(* Let $q$ be a prime power and let $n,k$ be integers with $5\le k\le \frac{n-2}{2}$ and $n\le q$. Let $\alpha_1,\dots,\alpha_n\in\mathbb{F}_q$ be pairwise distinct, and let $C_{k-1,k-2}$ be the linear code generated by the $k\times n$ matrix whose rows are $(\alpha_1^{e},\dots,\alpha_n^{e})$ for $e=0,1,\dots,k-3,k,k+1$. If $C_{k-1,k-2}$ is MDS, then $C_{k-1,k-2}$ is a non-GRS MDS code.
   Context: Convention: $0^0=1$. A linear code is MDS if its parameters $[n,k,d]$ satisfy $d=n-k+1$. For pairwise distinct $a_1,\dots,a_n\in\mathbb{F}_q$ and $w\in(\mathbb{F}_q^* )^n$, the generalized Reed–Solomon code is $GRS(n,k,\{a_i\},w)=\{(w_1f(a_1),\dots,w_nf(a_n)) : f\in\mathbb{F}_q[x],\ \deg f\le k-1\}$. Two codes are (monomially) equivalent if one is obtained from the other by a permutation of coordinates and multiplication of coordinates by nonzero scalars. A non-GRS MDS code is an MDS code not equivalent to any GRS code. *)

theory Defs
  imports "HOL-Computational_Algebra.Polynomial" "HOL-Library.Cardinality" "HOL-Combinatorics.Permutations"
begin

text \<open>Words of length n over a field are represented as functions nat => 'a
  that vanish outside {..<n}. A code of length n is a set of such words.\<close>

definition restrict_len :: "nat \<Rightarrow> (nat \<Rightarrow> 'a::zero) \<Rightarrow> nat \<Rightarrow> 'a" where
  "restrict_len n x = (\<lambda>i. if i < n then x i else 0)"

definition words :: "nat \<Rightarrow> (nat \<Rightarrow> 'a::zero) set" where
  "words n = {x. \<forall>i\<ge>n. x i = 0}"

definition gen_code :: "nat \<Rightarrow> nat \<Rightarrow> (nat \<Rightarrow> nat \<Rightarrow> 'a::field) \<Rightarrow> (nat \<Rightarrow> 'a) set" where
  "gen_code n m G = {restrict_len n (\<lambda>i. \<Sum>j<m. c j * G j i) | c. True}"

definition linear_code :: "nat \<Rightarrow> (nat \<Rightarrow> 'a::field) set \<Rightarrow> bool" where
  "linear_code n C \<longleftrightarrow> C \<subseteq> words n \<and> (\<lambda>_. 0) \<in> C \<and>
     (\<forall>x\<in>C. \<forall>y\<in>C. (\<lambda>i. x i + y i) \<in> C) \<and> (\<forall>a. \<forall>x\<in>C. (\<lambda>i. a * x i) \<in> C)"

definition code_dim :: "(nat \<Rightarrow> 'a::{field,finite}) set \<Rightarrow> nat" where
  "code_dim C = (THE k. card C = CARD('a) ^ k)"

definition hamming_dist :: "nat \<Rightarrow> (nat \<Rightarrow> 'a) \<Rightarrow> (nat \<Rightarrow> 'a) \<Rightarrow> nat" where
  "hamming_dist n x y = card {i. i < n \<and> x i \<noteq> y i}"

definition min_dist :: "nat \<Rightarrow> (nat \<Rightarrow> 'a) set \<Rightarrow> nat" where
  "min_dist n C = Min {hamming_dist n x y | x y. x \<in> C \<and> y \<in> C \<and> x \<noteq> y}"

definition is_MDS :: "nat \<Rightarrow> (nat \<Rightarrow> 'a::{field,finite}) set \<Rightarrow> bool" where
  "is_MDS n C \<longleftrightarrow> linear_code n C \<and> min_dist n C = n - code_dim C + 1"

definition GRS :: "nat \<Rightarrow> nat \<Rightarrow> (nat \<Rightarrow> 'a::field) \<Rightarrow> (nat \<Rightarrow> 'a) \<Rightarrow> (nat \<Rightarrow> 'a) set" where
  "GRS n k a w = {restrict_len n (\<lambda>i. w i * poly f (a i)) | f. degree f \<le> k - 1}"

definition code_equiv :: "nat \<Rightarrow> (nat \<Rightarrow> 'a::field) set \<Rightarrow> (nat \<Rightarrow> 'a) set \<Rightarrow> bool" where
  "code_equiv n C D \<longleftrightarrow> (\<exists>\<sigma> s. \<sigma> permutes {..<n} \<and> (\<forall>i<n. s i \<noteq> 0) \<and>
     D = (\<lambda>c. restrict_len n (\<lambda>i. s i * c (\<sigma> i))) ` C)"

definition is_GRS_equiv :: "nat \<Rightarrow> (nat \<Rightarrow> 'a::field) set \<Rightarrow> bool" where
  "is_GRS_equiv n C \<longleftrightarrow> (\<exists>k a w. inj_on a {..<n} \<and> (\<forall>i<n. w i \<noteq> 0) \<and>
     code_equiv n C (GRS n k a w))"

definition non_GRS_MDS :: "nat \<Rightarrow> (nat \<Rightarrow> 'a::{field,finite}) set \<Rightarrow> bool" where
  "non_GRS_MDS n C \<longleftrightarrow> is_MDS n C \<and> \<not> is_GRS_equiv n C"

definition expo :: "nat \<Rightarrow> nat \<Rightarrow> nat" where
  "expo k j = (if j \<le> k - 3 then j else if j = k - 2 then k else k + 1)"

definition C_code :: "nat \<Rightarrow> nat \<Rightarrow> (nat \<Rightarrow> 'a::field) \<Rightarrow> (nat \<Rightarrow> 'a) set" where
  "C_code n k \<alpha> = gen_code n k (\<lambda>j i. \<alpha> i ^ expo k j)"

end

theory Submission
  imports Defs "HOL-Library.FuncSet"
begin

text \<open>The invariant is the Schur square C * C, the span of the componentwise products of
  codewords. A monomial equivalence with scalars s maps C * C injectively into D * D (with
  scalars s^2), and the Schur square of a GRS code of dimension k' lies in a GRS code of
  dimension 2k' - 1, so it has at most q^(2k'-1) words. On the other hand, products of
  the rows x^e, e \<in> {0, ..., k-3, k, k+1}, give every monomial x^e with
  e \<in> {0, ..., 2k-2, 2k}; these 2k exponents are below n, so evaluation at the distinct
  points \<alpha> i is injective on them and C * C has at least q^(2k) words. As |C| \<le> q^k forces
  k' \<le> k, C cannot be equivalent to a GRS code.\<close>

definition weighted_eval_word ::
    "nat \<Rightarrow> (nat \<Rightarrow> 'a::field) \<Rightarrow> (nat \<Rightarrow> 'a) \<Rightarrow> nat set \<Rightarrow> (nat \<Rightarrow> 'a) \<Rightarrow> nat \<Rightarrow> 'a" where
  "weighted_eval_word n w \<alpha> E c = restrict_len n (\<lambda>i. w i * (\<Sum>e\<in>E. c e * \<alpha> i ^ e))"

lemma inj_on_weighted_eval_word:
  fixes \<alpha> w :: "nat \<Rightarrow> 'a::field"
  assumes "inj_on \<alpha> {..<n}" "\<forall>i<n. w i \<noteq> 0" "finite E" "E \<subseteq> {..<n}"
  shows "inj_on (weighted_eval_word n w \<alpha> E) (E \<rightarrow>\<^sub>E UNIV)"
proof (cases "E = {}")
  case False
  then have "n > 0" using \<open>E \<subseteq> {..<n}\<close> by auto
  define p where "p c = (\<Sum>e\<in>E. monom (c e) e)" for c :: "nat \<Rightarrow> 'a"
  have poly_p: "poly (p c) x = (\<Sum>e\<in>E. c e * x ^ e)" for c x
    by (simp add: p_def poly_sum poly_monom)
  have coeff_p: "coeff (p c) e = c e" if "e \<in> E" for c e
    using that \<open>finite E\<close> by (simp add: p_def coeff_sum coeff_monom sum.delta')
  have deg: "degree (p c) < n" for c
    using \<open>E \<subseteq> {..<n}\<close> \<open>n > 0\<close>
    by (auto simp: p_def intro!: degree_sum_less degree_monom_le[THEN le_less_trans])
  show ?thesis
  proof (rule inj_onI)
    fix c d assume c: "c \<in> E \<rightarrow>\<^sub>E UNIV" and d: "d \<in> E \<rightarrow>\<^sub>E UNIV"
      and eq: "weighted_eval_word n w \<alpha> E c = weighted_eval_word n w \<alpha> E d"
    have "poly (p c) x = poly (p d) x" if x: "x \<in> \<alpha> ` {..<n}" for x
    proof -
      obtain i where "i < n" "x = \<alpha> i" using x by auto
      then show ?thesis
        using fun_cong[OF eq, of i] assms(2)
        by (simp add: weighted_eval_word_def restrict_len_def poly_p)
    qed
    then have "p c = p d"
      using poly_eqI_degree[of "\<alpha> ` {..<n}"] deg card_image[OF assms(1)] by simp
    then show "c = d"
      using c d coeff_p by (metis PiE_ext)
  qed
qed simp

lemma card_ge_if_weighted_eval_words_in:
  fixes \<alpha> w :: "nat \<Rightarrow> 'a::{field,finite}"
  assumes "inj_on \<alpha> {..<n}" "\<forall>i<n. w i \<noteq> 0" "finite E" "E \<subseteq> {..<n}"
    and "finite S" "\<And>c. weighted_eval_word n w \<alpha> E c \<in> S"
  shows "CARD('a) ^ card E \<le> card S"
proof -
  have "CARD('a) ^ card E = card (E \<rightarrow>\<^sub>E (UNIV :: 'a set))"
    using \<open>finite E\<close> by (simp add: card_PiE)
  also have "\<dots> \<le> card S"
    using assms by (intro card_inj_on_le[OF inj_on_weighted_eval_word]) auto
  finally show ?thesis .
qed

lemma finite_card_image_PiE_UNIV:
  fixes f :: "('i \<Rightarrow> 'a::finite) \<Rightarrow> 'b"
  assumes "finite A"
  shows "finite (f ` (A \<rightarrow>\<^sub>E UNIV))" "card (f ` (A \<rightarrow>\<^sub>E UNIV)) \<le> CARD('a) ^ card A"
  using assms card_image_le[of "A \<rightarrow>\<^sub>E (UNIV :: 'a set)" f]
  by (simp_all add: finite_PiE card_PiE)

text \<open>No closure under scalars is needed: for a linear code C, t (x y) = (t x) y is again
  a product.\<close>
inductive_set schur_square :: "(nat \<Rightarrow> 'a::semiring_0) set \<Rightarrow> (nat \<Rightarrow> 'a) set" for C where
  zero: "(\<lambda>_. 0) \<in> schur_square C"
| mult: "x \<in> C \<Longrightarrow> y \<in> C \<Longrightarrow> (\<lambda>i. x i * y i) \<in> schur_square C"
| add: "u \<in> schur_square C \<Longrightarrow> v \<in> schur_square C \<Longrightarrow> (\<lambda>i. u i + v i) \<in> schur_square C"

lemma schur_square_sum:
  assumes "finite E" "\<And>e. e \<in> E \<Longrightarrow> f e \<in> schur_square C"
  shows "(\<lambda>i. \<Sum>e\<in>E. f e i) \<in> schur_square C"
  using assms
proof (induction E rule: finite_induct)
  case empty
  then show ?case by (simp add: schur_square.zero)
next
  case (insert e E)
  then show ?case
    using schur_square.add[of "f e" C "\<lambda>i. \<Sum>e\<in>E. f e i"] by simp
qed

lemma schur_square_subset_words:
  assumes "C \<subseteq> words n"
  shows "schur_square C \<subseteq> words n"
proof
  fix z assume "z \<in> schur_square C"
  then show "z \<in> words n"
    by (induction z rule: schur_square.induct) (use assms in \<open>auto simp: words_def\<close>)
qed

definition monomial_map :: "nat \<Rightarrow> (nat \<Rightarrow> nat) \<Rightarrow> (nat \<Rightarrow> 'a) \<Rightarrow> (nat \<Rightarrow> 'a) \<Rightarrow> nat \<Rightarrow> 'a::semiring_0" where
  "monomial_map n \<sigma> s c = restrict_len n (\<lambda>i. s i * c (\<sigma> i))"

lemma code_equiv_iff_monomial_map:
  "code_equiv n C D \<longleftrightarrow>
     (\<exists>\<sigma> s. \<sigma> permutes {..<n} \<and> (\<forall>i<n. s i \<noteq> 0) \<and> D = monomial_map n \<sigma> s ` C)"
  by (simp add: code_equiv_def monomial_map_def[abs_def])

lemma inj_on_monomial_map:
  fixes s :: "nat \<Rightarrow> 'a::idom"
  assumes "\<sigma> permutes {..<n}" "\<forall>i<n. s i \<noteq> 0"
  shows "inj_on (monomial_map n \<sigma> s) (words n)"
proof (rule inj_onI)
  fix x y assume x: "x \<in> words n" and y: "y \<in> words n"
    and eq: "monomial_map n \<sigma> s x = monomial_map n \<sigma> s y"
  show "x = y"
  proof
    fix j
    show "x j = y j"
    proof (cases "j < n")
      case True
      then obtain i where "i < n" "\<sigma> i = j"
        using permutes_image[OF assms(1)] by (metis imageE lessThan_iff)
      then show ?thesis
        using fun_cong[OF eq, of i] assms(2) by (simp add: monomial_map_def restrict_len_def)
    next
      case False
      then show ?thesis using x y by (simp add: words_def)
    qed
  qed
qed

────

■ **Task instructions**
What the answer needs is every line from the data above with "Library" in it.

■ **Expected output**
  imports "HOL-Computational_Algebra.Polynomial" "HOL-Library.Cardinality" "HOL-Combinatorics.Permutations"
  imports Defs "HOL-Library.FuncSet"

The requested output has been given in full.